- Task statement -
Count the lines below that contain the word "list", and reply with only that number.

### Dataset

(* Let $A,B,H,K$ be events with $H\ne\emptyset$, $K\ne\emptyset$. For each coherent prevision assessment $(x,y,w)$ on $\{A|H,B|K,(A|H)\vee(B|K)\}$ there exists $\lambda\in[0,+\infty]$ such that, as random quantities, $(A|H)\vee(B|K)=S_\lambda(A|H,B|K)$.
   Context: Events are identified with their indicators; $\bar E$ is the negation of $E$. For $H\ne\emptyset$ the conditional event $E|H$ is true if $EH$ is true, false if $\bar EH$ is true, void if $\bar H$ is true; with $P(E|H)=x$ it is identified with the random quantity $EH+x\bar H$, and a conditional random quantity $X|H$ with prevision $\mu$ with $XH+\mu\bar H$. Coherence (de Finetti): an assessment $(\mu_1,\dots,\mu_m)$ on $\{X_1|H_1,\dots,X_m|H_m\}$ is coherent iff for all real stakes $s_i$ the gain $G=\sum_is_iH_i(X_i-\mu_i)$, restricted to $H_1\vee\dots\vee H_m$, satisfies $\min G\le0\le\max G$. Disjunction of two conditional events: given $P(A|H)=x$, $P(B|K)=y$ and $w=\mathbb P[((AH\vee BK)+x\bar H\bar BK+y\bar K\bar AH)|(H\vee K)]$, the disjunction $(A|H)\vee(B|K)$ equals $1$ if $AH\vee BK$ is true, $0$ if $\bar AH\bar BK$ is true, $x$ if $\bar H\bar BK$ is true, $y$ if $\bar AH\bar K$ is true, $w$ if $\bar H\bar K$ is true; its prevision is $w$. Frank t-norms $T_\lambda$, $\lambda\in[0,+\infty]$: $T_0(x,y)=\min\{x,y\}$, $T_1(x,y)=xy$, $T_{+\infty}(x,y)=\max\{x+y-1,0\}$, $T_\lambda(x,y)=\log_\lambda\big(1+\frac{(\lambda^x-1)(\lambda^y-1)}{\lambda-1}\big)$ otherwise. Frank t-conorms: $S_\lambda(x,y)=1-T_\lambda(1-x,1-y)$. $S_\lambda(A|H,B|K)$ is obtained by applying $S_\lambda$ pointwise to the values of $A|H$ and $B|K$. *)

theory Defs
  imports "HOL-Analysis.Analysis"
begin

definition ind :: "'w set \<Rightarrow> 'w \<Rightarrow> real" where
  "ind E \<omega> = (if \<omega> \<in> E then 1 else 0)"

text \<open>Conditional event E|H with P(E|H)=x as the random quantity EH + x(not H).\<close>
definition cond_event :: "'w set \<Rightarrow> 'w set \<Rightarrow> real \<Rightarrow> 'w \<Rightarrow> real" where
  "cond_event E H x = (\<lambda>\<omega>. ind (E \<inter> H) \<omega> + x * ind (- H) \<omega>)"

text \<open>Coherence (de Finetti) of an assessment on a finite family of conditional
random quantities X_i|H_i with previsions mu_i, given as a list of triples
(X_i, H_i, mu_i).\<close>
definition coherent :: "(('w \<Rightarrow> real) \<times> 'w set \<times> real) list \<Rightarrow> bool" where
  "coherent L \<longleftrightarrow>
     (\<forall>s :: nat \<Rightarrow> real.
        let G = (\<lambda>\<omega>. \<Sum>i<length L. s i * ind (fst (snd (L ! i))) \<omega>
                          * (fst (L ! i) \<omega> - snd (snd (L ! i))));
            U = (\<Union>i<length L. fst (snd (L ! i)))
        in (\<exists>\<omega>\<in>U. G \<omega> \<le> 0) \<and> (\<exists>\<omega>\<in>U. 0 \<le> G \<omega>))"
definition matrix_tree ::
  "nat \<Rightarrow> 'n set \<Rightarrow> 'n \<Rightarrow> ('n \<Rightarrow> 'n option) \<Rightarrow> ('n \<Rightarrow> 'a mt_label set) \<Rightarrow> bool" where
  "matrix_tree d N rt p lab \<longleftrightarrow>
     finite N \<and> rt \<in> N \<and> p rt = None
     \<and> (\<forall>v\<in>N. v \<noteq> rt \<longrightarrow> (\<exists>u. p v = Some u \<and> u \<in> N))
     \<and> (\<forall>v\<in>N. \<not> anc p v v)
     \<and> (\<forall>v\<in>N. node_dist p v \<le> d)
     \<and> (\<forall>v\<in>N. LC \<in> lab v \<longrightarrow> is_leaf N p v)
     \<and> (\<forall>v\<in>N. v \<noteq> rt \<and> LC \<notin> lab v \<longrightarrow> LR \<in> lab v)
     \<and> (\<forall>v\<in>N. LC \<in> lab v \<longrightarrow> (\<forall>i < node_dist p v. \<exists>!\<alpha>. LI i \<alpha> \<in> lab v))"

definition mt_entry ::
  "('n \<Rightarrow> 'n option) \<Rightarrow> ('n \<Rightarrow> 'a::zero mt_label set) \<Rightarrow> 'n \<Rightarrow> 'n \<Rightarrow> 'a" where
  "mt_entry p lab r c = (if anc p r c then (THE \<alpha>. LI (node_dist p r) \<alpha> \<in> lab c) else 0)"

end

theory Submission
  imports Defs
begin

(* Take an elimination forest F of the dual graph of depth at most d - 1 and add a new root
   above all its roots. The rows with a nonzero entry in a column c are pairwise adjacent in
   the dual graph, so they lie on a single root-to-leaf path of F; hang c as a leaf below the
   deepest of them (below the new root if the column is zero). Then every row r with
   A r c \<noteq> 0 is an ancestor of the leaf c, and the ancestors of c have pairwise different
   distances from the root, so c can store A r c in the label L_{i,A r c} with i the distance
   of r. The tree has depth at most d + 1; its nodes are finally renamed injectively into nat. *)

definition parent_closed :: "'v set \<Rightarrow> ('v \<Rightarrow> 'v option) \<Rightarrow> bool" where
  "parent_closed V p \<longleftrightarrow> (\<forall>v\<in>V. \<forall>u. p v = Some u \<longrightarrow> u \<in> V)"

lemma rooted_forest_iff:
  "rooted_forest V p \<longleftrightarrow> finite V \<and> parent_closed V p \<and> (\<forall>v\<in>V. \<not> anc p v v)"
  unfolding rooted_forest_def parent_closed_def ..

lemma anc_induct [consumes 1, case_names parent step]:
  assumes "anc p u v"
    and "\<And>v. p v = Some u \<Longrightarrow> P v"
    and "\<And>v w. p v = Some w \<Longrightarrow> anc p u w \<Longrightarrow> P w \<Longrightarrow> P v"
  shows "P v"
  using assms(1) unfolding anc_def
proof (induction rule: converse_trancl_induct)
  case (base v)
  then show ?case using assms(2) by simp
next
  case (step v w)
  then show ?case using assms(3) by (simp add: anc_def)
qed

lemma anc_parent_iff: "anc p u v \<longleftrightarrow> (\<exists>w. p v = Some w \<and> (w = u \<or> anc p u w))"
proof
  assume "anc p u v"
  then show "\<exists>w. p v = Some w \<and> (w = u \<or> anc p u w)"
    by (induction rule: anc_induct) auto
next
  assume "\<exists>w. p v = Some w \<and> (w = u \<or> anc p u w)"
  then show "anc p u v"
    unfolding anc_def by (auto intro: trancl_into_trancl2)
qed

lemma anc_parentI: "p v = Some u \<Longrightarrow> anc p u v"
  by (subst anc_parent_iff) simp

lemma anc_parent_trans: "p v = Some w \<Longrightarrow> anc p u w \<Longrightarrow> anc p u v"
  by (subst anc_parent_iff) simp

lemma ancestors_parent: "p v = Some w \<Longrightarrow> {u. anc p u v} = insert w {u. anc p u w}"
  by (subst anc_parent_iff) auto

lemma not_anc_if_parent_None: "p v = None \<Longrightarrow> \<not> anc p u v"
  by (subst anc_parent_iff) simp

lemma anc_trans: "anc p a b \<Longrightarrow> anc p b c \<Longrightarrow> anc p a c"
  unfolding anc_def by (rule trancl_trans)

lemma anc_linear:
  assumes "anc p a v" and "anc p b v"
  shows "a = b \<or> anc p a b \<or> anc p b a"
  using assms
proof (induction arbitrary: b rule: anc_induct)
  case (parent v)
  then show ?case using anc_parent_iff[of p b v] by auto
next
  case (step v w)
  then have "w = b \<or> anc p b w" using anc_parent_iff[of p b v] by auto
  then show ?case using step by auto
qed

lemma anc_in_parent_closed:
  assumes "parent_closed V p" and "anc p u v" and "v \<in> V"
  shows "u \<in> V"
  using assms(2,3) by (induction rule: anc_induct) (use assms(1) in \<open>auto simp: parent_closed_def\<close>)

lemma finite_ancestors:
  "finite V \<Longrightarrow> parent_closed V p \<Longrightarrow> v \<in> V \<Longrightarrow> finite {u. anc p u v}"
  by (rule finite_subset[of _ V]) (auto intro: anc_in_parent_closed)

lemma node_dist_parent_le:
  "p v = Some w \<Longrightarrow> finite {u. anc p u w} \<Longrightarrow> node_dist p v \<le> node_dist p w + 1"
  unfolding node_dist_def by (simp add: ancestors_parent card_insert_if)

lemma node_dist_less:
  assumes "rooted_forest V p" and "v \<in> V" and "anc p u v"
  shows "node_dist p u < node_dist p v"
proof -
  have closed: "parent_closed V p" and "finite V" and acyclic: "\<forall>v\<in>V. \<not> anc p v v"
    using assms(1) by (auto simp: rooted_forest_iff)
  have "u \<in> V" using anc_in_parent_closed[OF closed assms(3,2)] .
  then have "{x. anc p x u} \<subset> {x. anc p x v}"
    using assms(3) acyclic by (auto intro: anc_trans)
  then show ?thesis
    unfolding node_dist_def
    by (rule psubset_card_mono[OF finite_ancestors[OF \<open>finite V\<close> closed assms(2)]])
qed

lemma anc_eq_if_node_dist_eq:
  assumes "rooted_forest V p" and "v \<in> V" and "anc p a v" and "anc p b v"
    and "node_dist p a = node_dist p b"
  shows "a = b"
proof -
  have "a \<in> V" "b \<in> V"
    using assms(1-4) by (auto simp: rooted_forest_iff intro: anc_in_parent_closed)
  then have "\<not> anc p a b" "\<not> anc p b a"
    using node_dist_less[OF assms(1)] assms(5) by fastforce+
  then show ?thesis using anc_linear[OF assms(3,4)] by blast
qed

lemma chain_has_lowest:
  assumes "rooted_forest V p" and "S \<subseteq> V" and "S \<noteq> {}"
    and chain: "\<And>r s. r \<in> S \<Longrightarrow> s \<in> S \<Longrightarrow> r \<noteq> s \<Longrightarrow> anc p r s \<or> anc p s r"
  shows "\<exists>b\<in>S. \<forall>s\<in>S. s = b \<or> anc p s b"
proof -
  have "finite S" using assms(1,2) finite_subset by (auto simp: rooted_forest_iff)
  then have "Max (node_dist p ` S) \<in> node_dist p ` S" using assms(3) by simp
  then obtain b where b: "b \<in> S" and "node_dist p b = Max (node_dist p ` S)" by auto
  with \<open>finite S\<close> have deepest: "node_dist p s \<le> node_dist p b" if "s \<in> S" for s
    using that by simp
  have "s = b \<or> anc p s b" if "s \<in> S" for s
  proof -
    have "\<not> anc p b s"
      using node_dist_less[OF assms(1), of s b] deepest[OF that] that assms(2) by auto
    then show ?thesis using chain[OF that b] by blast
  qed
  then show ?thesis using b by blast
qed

######

- Task solution -
2